Compilation album by Various Artists
- Released: 30 July 1999
- Genre: Microhouse, minimal techno
- Length: 1:12:26
- Label: Kompakt

Kompakt Total series chronology
|  | Kompakt: Total 1 (1999) | Total 2 (2000) |

= Total 1 =

Kompakt: Total 1 or Total 1 was released on 30 July 1999. The album is the first installment of the influential Cologne-based microhouse label's annual compilation of vinyl releases and exclusives from its biggest artists and most promising newcomers. Vinyl and CD editions are quite different since only six songs are included on both formats. All tracks on the vinyl edition are previously unreleased.

Professional ratings
Review scores
| Source | Rating |
| Allmusic | link |

== Track listing : Vinyl Edition ==
A1 Dettinger – "Infarkt" (5:09)

A2 Reinhard Voigt – "Tod Eines Hippiemädchens" (4:29)

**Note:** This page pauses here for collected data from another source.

lemma esym_on_reindex:
  assumes "bij_betw p I J"
  shows "esym_on j I (f \<circ> p) = esym_on j J f"
proof -
  have inj: "inj_on p I" using assms by (rule bij_betw_imp_inj_on)
  have card_image_p: "card (p ` S) = card S" if "S \<subseteq> I" for S
    using inj that by (meson card_image inj_on_subset)
  have "image p ` {S. S \<subseteq> I \<and> card S = j} = {T. T \<subseteq> J \<and> card T = j}"
  proof (intro equalityI subsetI)
    fix T assume "T \<in> image p ` {S. S \<subseteq> I \<and> card S = j}"
    then show "T \<in> {T. T \<subseteq> J \<and> card T = j}"
      using bij_betw_imp_surj_on[OF assms] card_image_p by blast
  next
    fix T assume T: "T \<in> {T. T \<subseteq> J \<and> card T = j}"
    then obtain S where "S \<subseteq> I" "T = p ` S"
      using bij_betw_imp_surj_on[OF assms] subset_imageE[of T p I] by auto
    then show "T \<in> image p ` {S. S \<subseteq> I \<and> card S = j}"
      using T card_image_p by auto
  qed
  then have "bij_betw (image p) {S. S \<subseteq> I \<and> card S = j} {T. T \<subseteq> J \<and> card T = j}"
    by (intro bij_betw_subset[OF bij_betw_Pow[OF assms]]) auto
  then have "esym_on j J f = (\<Sum>S\<in>{S. S \<subseteq> I \<and> card S = j}. \<Prod>i\<in>p ` S. f i)"
    unfolding esym_on_def by (rule sum.reindex_bij_betw[symmetric])
  also have "\<dots> = esym_on j I (f \<circ> p)"
    unfolding esym_on_def by (intro sum.cong refl prod.reindex) (auto intro: inj_on_subset[OF inj])
  finally show ?thesis ..
qed

lemma mult_esym_on_remove:
  assumes "finite I" "i \<in> I"
  shows "f i * esym_on m (I - {i}) f = (\<Sum>S\<in>{S. S \<subseteq> I \<and> card S = Suc m \<and> i \<in> S}. \<Prod>k\<in>S. f k)"
proof -
  let ?T = "{T. T \<subseteq> I - {i} \<and> card T = m}"
  have "bij_betw (insert i) ?T {S. S \<subseteq> I \<and> card S = Suc m \<and> i \<in> S}"
  proof (rule bij_betw_byWitness[where f' = "\<lambda>S. S - {i}"])
    show "insert i ` ?T \<subseteq> {S. S \<subseteq> I \<and> card S = Suc m \<and> i \<in> S}"
      using assms by (auto intro!: card_insert_disjoint intro: finite_subset[of _ I])
    show "(\<lambda>S. S - {i}) ` {S. S \<subseteq> I \<and> card S = Suc m \<and> i \<in> S} \<subseteq> ?T"
      using assms by (auto dest: finite_subset)
  qed auto
  then have "(\<Sum>S\<in>{S. S \<subseteq> I \<and> card S = Suc m \<and> i \<in> S}. \<Prod>k\<in>S. f k) = (\<Sum>T\<in>?T. \<Prod>k\<in>insert i T. f k)"
    by (rule sum.reindex_bij_betw[symmetric])
  also have "\<dots> = (\<Sum>T\<in>?T. f i * (\<Prod>k\<in>T. f k))"
    using assms(1) by (intro sum.cong refl prod.insert) (auto dest: finite_subset)
  finally show ?thesis by (simp add: esym_on_def sum_distrib_left)
qed

lemma of_nat_mult_esym_on_Suc:
  assumes "finite I"
  shows "of_nat (Suc m) * esym_on (Suc m) I f = (\<Sum>i\<in>I. f i * esym_on m (I - {i}) f)"
proof -
  let ?A = "{S. S \<subseteq> I \<and> card S = Suc m}"
  have "(\<Sum>i\<in>I. f i * esym_on m (I - {i}) f) = (\<Sum>i\<in>I. \<Sum>S\<in>{S\<in>?A. i \<in> S}. \<Prod>k\<in>S. f k)"
    using assms by (intro sum.cong refl) (simp add: mult_esym_on_remove conj_assoc)
  also have "\<dots> = (\<Sum>S\<in>?A. \<Sum>i\<in>{i\<in>I. i \<in> S}. \<Prod>k\<in>S. f k)"
    by (rule sum.swap_restrict[OF assms finite_subsets_card[OF assms]])
  also have "\<dots> = (\<Sum>S\<in>?A. of_nat (Suc m) * (\<Prod>k\<in>S. f k))"
  proof (intro sum.cong refl)
    fix S assume "S \<in> ?A"
    then have "{i\<in>I. i \<in> S} = S" "card S = Suc m" by auto
    then show "(\<Sum>i\<in>{i\<in>I. i \<in> S}. \<Prod>k\<in>S. f k) = of_nat (Suc m) * (\<Prod>k\<in>S. f k)"
      by (simp only: sum_constant)
  qed
  finally show ?thesis by (simp add: esym_on_def sum_distrib_left)
qed

lemma esym_on_0:
  assumes "finite I"
  shows "esym_on 0 I f = 1"
proof -
  have "{S. S \<subseteq> I \<and> card S = 0} = {{}}" using assms by (auto dest: finite_subset)
  then show ?thesis by (simp add: esym_on_def)
qed

lemma power_le_esym_on:
  fixes f :: "'a \<Rightarrow> 'b::linordered_idom"
  assumes "finite I" "\<And>i. i \<in> I \<Longrightarrow> 0 \<le> f i \<and> f i \<le> c" "0 \<le> c" "of_nat m * c \<le> (\<Sum>i\<in>I. f i)"
  shows "c ^ m \<le> esym_on m I f"
  using assms
proof (induction m arbitrary: I)
  case 0
  then show ?case by (simp add: esym_on_0)
next
  case (Suc m)
  have IH: "c ^ m \<le> esym_on m (I - {i}) f" if "i \<in> I" for i
  proof (rule Suc.IH)
    have "(\<Sum>k\<in>I. f k) = f i + (\<Sum>k\<in>I - {i}. f k)"
      using Suc.prems(1) that by (simp add: sum.remove)
    then show "of_nat m * c \<le> (\<Sum>k\<in>I - {i}. f k)"
      using Suc.prems(4) Suc.prems(2)[OF that] by (simp add: algebra_simps)
  qed (use Suc.prems in auto)
  have "of_nat (Suc m) * c ^ Suc m = (of_nat (Suc m) * c) * c ^ m" by simp
  also have "\<dots> \<le> (\<Sum>i\<in>I. f i) * c ^ m"
    using Suc.prems(3,4) by (intro mult_right_mono) auto
  also have "\<dots> \<le> (\<Sum>i\<in>I. f i * esym_on m (I - {i}) f)"
    unfolding sum_distrib_right by (intro sum_mono mult_left_mono IH) (use Suc.prems in auto)
  also have "\<dots> = of_nat (Suc m) * esym_on (Suc m) I f"
    by (rule of_nat_mult_esym_on_Suc[OF Suc.prems(1), symmetric])
  finally show ?case by (rule mult_left_le_imp_le) (rule of_nat_0_less_iff[THEN iffD2], simp)
qed

lemma prod_mult_esym_on_le:
  fixes f :: "'a \<Rightarrow> 'b::linordered_semidom"
  assumes "finite I" "A \<subseteq> I" "card A \<le> j" "\<And>i. i \<in> I \<Longrightarrow> 0 \<le> f i"
  shows "(\<Prod>i\<in>A. f i) * esym_on (j - card A) (I - A) f \<le> esym_on j I f"
proof -
  let ?B = "{T. T \<subseteq> I - A \<and> card T = j - card A}"
  have finA: "finite A" using assms(2,1) by (rule finite_subset)
  have card_Un: "card (A \<union> T) = card A + card T" if "T \<subseteq> I - A" for T
    using that assms(1) finA by (subst card_Un_disjoint) (auto dest: finite_subset)
  have inj: "inj_on (\<lambda>T. A \<union> T) ?B" by (rule inj_onI) auto
  have sub: "(\<lambda>T. A \<union> T) ` ?B \<subseteq> {S. S \<subseteq> I \<and> card S = j}"
    using assms(2,3) card_Un by auto
  have "(\<Prod>i\<in>A. f i) * esym_on (j - card A) (I - A) f = (\<Sum>T\<in>?B. \<Prod>i\<in>A \<union> T. f i)"
    unfolding esym_on_def sum_distrib_left
    using assms(1) finA by (intro sum.cong refl prod.union_disjoint[symmetric]) (auto dest: finite_subset)
  also have "\<dots> = (\<Sum>S\<in>(\<lambda>T. A \<union> T) ` ?B. \<Prod>i\<in>S. f i)"
    by (simp add: sum.reindex[OF inj])
  also have "\<dots> \<le> esym_on j I f"
    unfolding esym_on_def using assms(1,4)
    by (intro sum_mono2[OF finite_subsets_card sub]) (auto intro!: prod_nonneg)
  finally show ?thesis .
qed

lemma esym_on_lessThan_eq_prod:
  assumes "j \<le> n" "\<And>i. j \<le> i \<Longrightarrow> i < n \<Longrightarrow> f i = 0"
  shows "esym_on j {..<n} f = (\<Prod>i<j. f i)"
proof -
  have "esym_on j {..<n} f = (\<Sum>S\<in>{{..<j}}. \<Prod>i\<in>S. f i)"
    unfolding esym_on_def
  proof (rule sum.mono_neutral_right)
    show "{{..<j}} \<subseteq> {S. S \<subseteq> {..<n} \<and> card S = j}" using assms(1) by auto
    show "\<forall>S\<in>{S. S \<subseteq> {..<n} \<and> card S = j} - {{..<j}}. (\<Prod>i\<in>S. f i) = 0"
    proof
      fix S assume S: "S \<in> {S. S \<subseteq> {..<n} \<and> card S = j} - {{..<j}}"
      then have "\<not> S \<subseteq> {..<j}"
        using card_subset_eq[of "{..<j}" S] by auto
      then obtain i where "i \<in> S" "j \<le> i" by (auto simp: subset_eq not_less)
      then show "(\<Prod>i\<in>S. f i) = 0"
        using S assms(2) by (intro prod_zero) (auto intro: finite_subset)
    qed
  qed (simp add: finite_subsets_card)
  then show ?thesis by simp
qed

lemma esym_eq_esym_on: "esym j xs = esym_on j {..<length xs} (nth xs)"
  unfolding esym_def esym_on_def by (simp add: atLeast0LessThan)

lemma length_dsort [simp]: "length (dsort xs) = length xs"
  by (simp add: dsort_def)

lemma set_dsort [simp]: "set (dsort xs) = set xs"
  by (simp add: dsort_def)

A3 T.Raumschmiere – "Ost-Strom" (5:30)

B1 Salz – "Salz 2.1" (5:24)

B2 Andreas Oster – "Surf´s Up" (6:11)

C1 Jürgen Paape – "How Great Thou Art" (5:31)

C2 Tobin – "Reis 1" (4:15)

C3 Mathias Schaffhäuser – "Some Kind Of" (6:01)

D1 Super-8 – "Episode 1" (6:24)

D2 Thomas/Mayer – "Total Confusion" (6:43)

Tracks B2, C2, D1 and D2 are exclusive to vinyl version.

== Track listing : CD Edition ==
1. Jürgen Paape – "How Great Thou Art" (5:31)
2. Salz – "Salz 2.1" (5:24)
3. Benjamin Wild – "Kronberg" (6:20)
4. Schaeben & Voss – "Dicht Dran" (4:26)
5. M. Mayer – "17 & 4" (6:38)
6. T.Raumschmiere – "Ost-Strom" (5:30)
7. Dettinger – "Infarkt" (5:09)
8. Reinhard Voigt – "Tod Eines Hippiemädchens" (4:29)
9. Joachim Spieth – "Abi '99" (4:18)
10. Jürgen Paape – "Triumph" (6:04)
11. Mathias Schaffhäuser – "Some Kind Of" (6:01)
12. M. Mayer – "Heaven" (6:17)
13. Dettinger – "Blond" (6:19)

Seven of the tracks on the CD are taken from previously released 12 inch vinyls originally released on Kompakt or sub-labels (catalogue number in parentheses): #3 (KOM8); #4 (KOM7); #5 (KOM4); #9 (KOM5); #10 (KOM1); #12 (nta015); #13 (KOM2).